Marching toward the Washington Monument.
“Thanks, Obama.”
“Thanks, Hillary.”
“A woman’s place is in the House and Senate.”
“This pussy grabs back.”
“Not my president.”
“We shall overcomb.”
“Sad.”
“Tiny hands can’t build walls.”
“Fight like a girl.”
“We need to build bridges, not walls.”
“Let’s keep immigrants and deport the clown.”
“Democracy looks like this.”
“No surrender.”
“Girls just wanna have fun-damental rights.”
“Women’s rights are human rights.”
“Melania – blink twice if you need rescuing.”
“Save Melania!”
“Fags hate Trump”.
“We need a leader, not a creepy Tweeter.”
And the prescient:
“Twinkle, twinkle, little czar; Putin made you what you are.”
People chanted in call-and-response:
“Tell me what democracy looks like!”
“This is what democracy looks like!”
And to please the inner middle-schooler:
“He’s orange! He’s gross! He lost the popular vote!”
At 14th the procession turned to cross the Mall, and room to move became scarce again. Police directing traffic on Constitution meant a start-stop movement now. Everyone was tired and hungry.
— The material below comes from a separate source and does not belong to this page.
(* Let $(\mathcal{C},\mathsf{I},\otimes,\lambda,\rho,\alpha)$ be a left-skew monoidal category, let $(T,\eta,\mu)$ be a monoid in it, and let $(\mathcal{E},\mathcal{M})$ be an orthogonal factorization system on $\mathcal{C}$ such that $\mathcal{E}$ is closed under $(-)\otimes S$ for every object $(S,s)$ of $\mathcal{M}/T$ (i.e. $e\otimes S\in\mathcal{E}$ whenever $e\in\mathcal{E}$). Then $(\mathcal{M}/T, \mathsf{J}, \boxdot, \ell, r, a)$, as defined in the context, is a left-skew monoidal category. If $\lambda$ is a natural isomorphism (the skew monoidal category $\mathcal{C}$ is left-normal), then so is $\ell$. If moreover $\mathcal{E}$ is also closed under $S\otimes(-)$ for every object $(S,s)$ of $\mathcal{M}/T$ and $(\mathcal{C},\mathsf{I},\otimes,\lambda,\rho,\alpha)$ is monoidal (i.e. $\lambda,\rho,\alpha$ are all isomorphisms), then $(\mathcal{M}/T,\mathsf{J},\boxdot,\ell,r,a)$ is monoidal.
   Context: A left-skew monoidal category consists of a category $\mathcal{C}$, an object $\mathsf{I}$, a functor $\otimes:\mathcal{C}\times\mathcal{C}\to\mathcal{C}$ and natural transformations (not necessarily invertible) $\lambda_X:\mathsf{I}\otimes X\to X$, $\rho_X : X\to X\otimes \mathsf{I}$, $\alpha_{X,Y,Z}:(X\otimes Y)\otimes Z\to X\otimes(Y\otimes Z)$ satisfying: $\lambda_{\mathsf{I}}\circ\rho_{\mathsf{I}} = \mathrm{id}$; $(X\otimes\lambda_Y)\circ\alpha_{X,\mathsf{I},Y}\circ(\rho_X\otimes Y) = \mathrm{id}$; $\lambda_{X\otimes Y}\circ\alpha_{\mathsf{I},X,Y} = \lambda_X\otimes Y$; $\alpha_{X,Y,\mathsf{I}}\circ\rho_{X\otimes Y} = X\otimes\rho_Y$; $(X\otimes\alpha_{Y,Z,W})\circ\alpha_{X,Y\otimes Z,W}\circ(\alpha_{X,Y,Z}\otimes W) = \alpha_{X,Y,Z\otimes W}\circ\alpha_{X\otimes Y,Z,W}$. It is monoidal if $\lambda,\rho,\alpha$ are all isomorphisms. A monoid is $(T,\eta:\mathsf{I}\to T,\mu:T\otimes T\to T)$ with $\mu\circ(\eta\otimes T) = \lambda_T$, $\mu\circ(T\otimes\eta)\circ\rho_T = \mathrm{id}_T$, $\mu\circ(\mu\otimes T) = \mu\circ(T\otimes\mu)\circ\alpha_{T,T,T}$. An orthogonal factorization system $(\mathcal{E},\mathcal{M})$ on $\mathcal{C}$: both classes contain all isomorphisms and are closed under composition; for every commuting square $g\circ e = m\circ f$ with $e\in\mathcal{E}$, $m\in\mathcal{M}$ there is a unique $d$ with $d\circ e = f$ and $m\circ d = g$; every morphism factors as $m\circ e$ with $e\in\mathcal{E}$, $m\in\mathcal{M}$. $\mathcal{M}/T$ is the category with objects $(S,s)$, $s:S\to T$ in $\mathcal{M}$, and morphisms $f:(S,s)\to(S',s')$ the $f:S\to S'$ with $s'\circ f = s$. Structure on $\mathcal{M}/T$: factor $\eta = j\circ q$ with $q:\mathsf{I}\to\mathsf{J}$ in $\mathcal{E}$, $j:\mathsf{J}\to T$ in $\mathcal{M}$; the unit is $(\mathsf{J},j)$. For objects $(S,s),(S',s')$ factor $\mu\circ(s\otimes s') = (s\boxdot s')\circ q_{S,S'}$ with $q_{S,S'}:S\otimes S'\to S\boxdot S'$ in $\mathcal{E}$, $s\boxdot s'$ in $\mathcal{M}$; the tensor is $(S\boxdot S', s\boxdot s')$. For morphisms $f:(S_1,s_1)\to(S_2,s_2)$, $f':(S'_1,s'_1)\to(S'_2,s'_2)$, $f\boxdot f'$ is the unique morphism with $(f\boxdot f')\circ q_{S_1,S'_1} = q_{S_2,S'_2}\circ(f\otimes f')$ and $(s_2\boxdot s'_2)\circ(f\boxdot f') = s_1\boxdot s'_1$. The left unitor $\ell_S : \mathsf{J}\boxdot S\to S$ is the unique morphism with $\ell_S\circ q_{\mathsf{J},S}\circ(q\otimes S) = \lambda_S$ and $s\circ\ell_S = j\boxdot s$. The right unitor is $r_S = q_{S,\mathsf{J}}\circ(S\otimes q)\circ\rho_S : S\to S\boxdot\mathsf{J}$. The associator $a_{S,S',S''} : (S\boxdot S')\boxdot S''\to S\boxdot(S'\boxdot S'')$ is the unique morphism with $a\circ q_{S\boxdot S',S''}\circ(q_{S,S'}\otimes S'') = q_{S,S'\boxdot S''}\circ(S\otimes q_{S',S''})\circ\alpha_{S,S',S''}$ and $(s\boxdot(s'\boxdot s''))\circ a = (s\boxdot s')\boxdot s''$. (These diagonals exist and are unique by orthogonality, using closure of $\mathcal{E}$ under $(-)\otimes S$.) *)

theory Defs
  imports Main
begin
Underfoot there was white plastic flooring of some kind to protect the grass, which would trip you if you didn’t look down. Most everyone was struggling to remain polite, but some tempers flared occasionally. It was difficult to keep it under control. The crowd appeared to entirely cover the Mall. Once more it was people as far as the eye could see.
Finally, at Constitution and 14th, space came into view. Up the slope on 14th the crowd had thinned and it appeared people were escaping. The March was headed west, toward the White House, but exhaustion and plunging blood sugar (because Sixty and Diabetic) made escape most attractive. We’d lost M hours ago when she’d gone looking for a restroom and never made it back, so we went on up 14th and would join back up with her at our designated rallying point in Ballston.
Right away we noticed there were lines from the train station and halfway down the block. Oh, joy. Hopping on a train and getting out of Dodge wasn’t going to happen. So we found a takeout shop a few blocks up, snagged a couple of chairs, and I sat in an exhausted stupor, drinking diet soda and munching the last of the jerky I had in my drawstring small necessities bag. I called my husband and told him all about the great fun I was having.
Actually, it was fun. However much good it did, however little good it felt like we were doing, it was heartening to be around like-minded people just as apprehensive of the future as ourselves. More importantly, to know we’re not alone in the resistance.
We eventually made our way westward, packed into a train like the sort of sardines that don’t make it out of the can in one piece. Our signs had all been discarded, one-by-one, because there was no way they would fit with us on the return trip. We rallied with M at the restaurant in Ballston, ended up at a barbecue place in Reston, and had some fabulous ribs and probably the worst margarita I’ve ever tasted (but I had two.) We returned to the house, swapped photos, then I crawled into bed so I wouldn’t fall into it. Not kidding.
The bus ride home among fellow marchers reaffirmed the value of having gone. I gained Facebook friends to replace the ones who’d dumped me after the election. We watched the news on the bus TV and cheered the coverage of the DC march, as well as all the marches held on every continent on earth, including Antarctica.
Antarctica, you say? Yes. About thirty researchers in Antarctica had marched that day. (All jokes about the March of the Penguins will be met with stony face.)
At the end of the day, we are not alone in the Resistance. Load up the R2 unit, we’re going for a ride.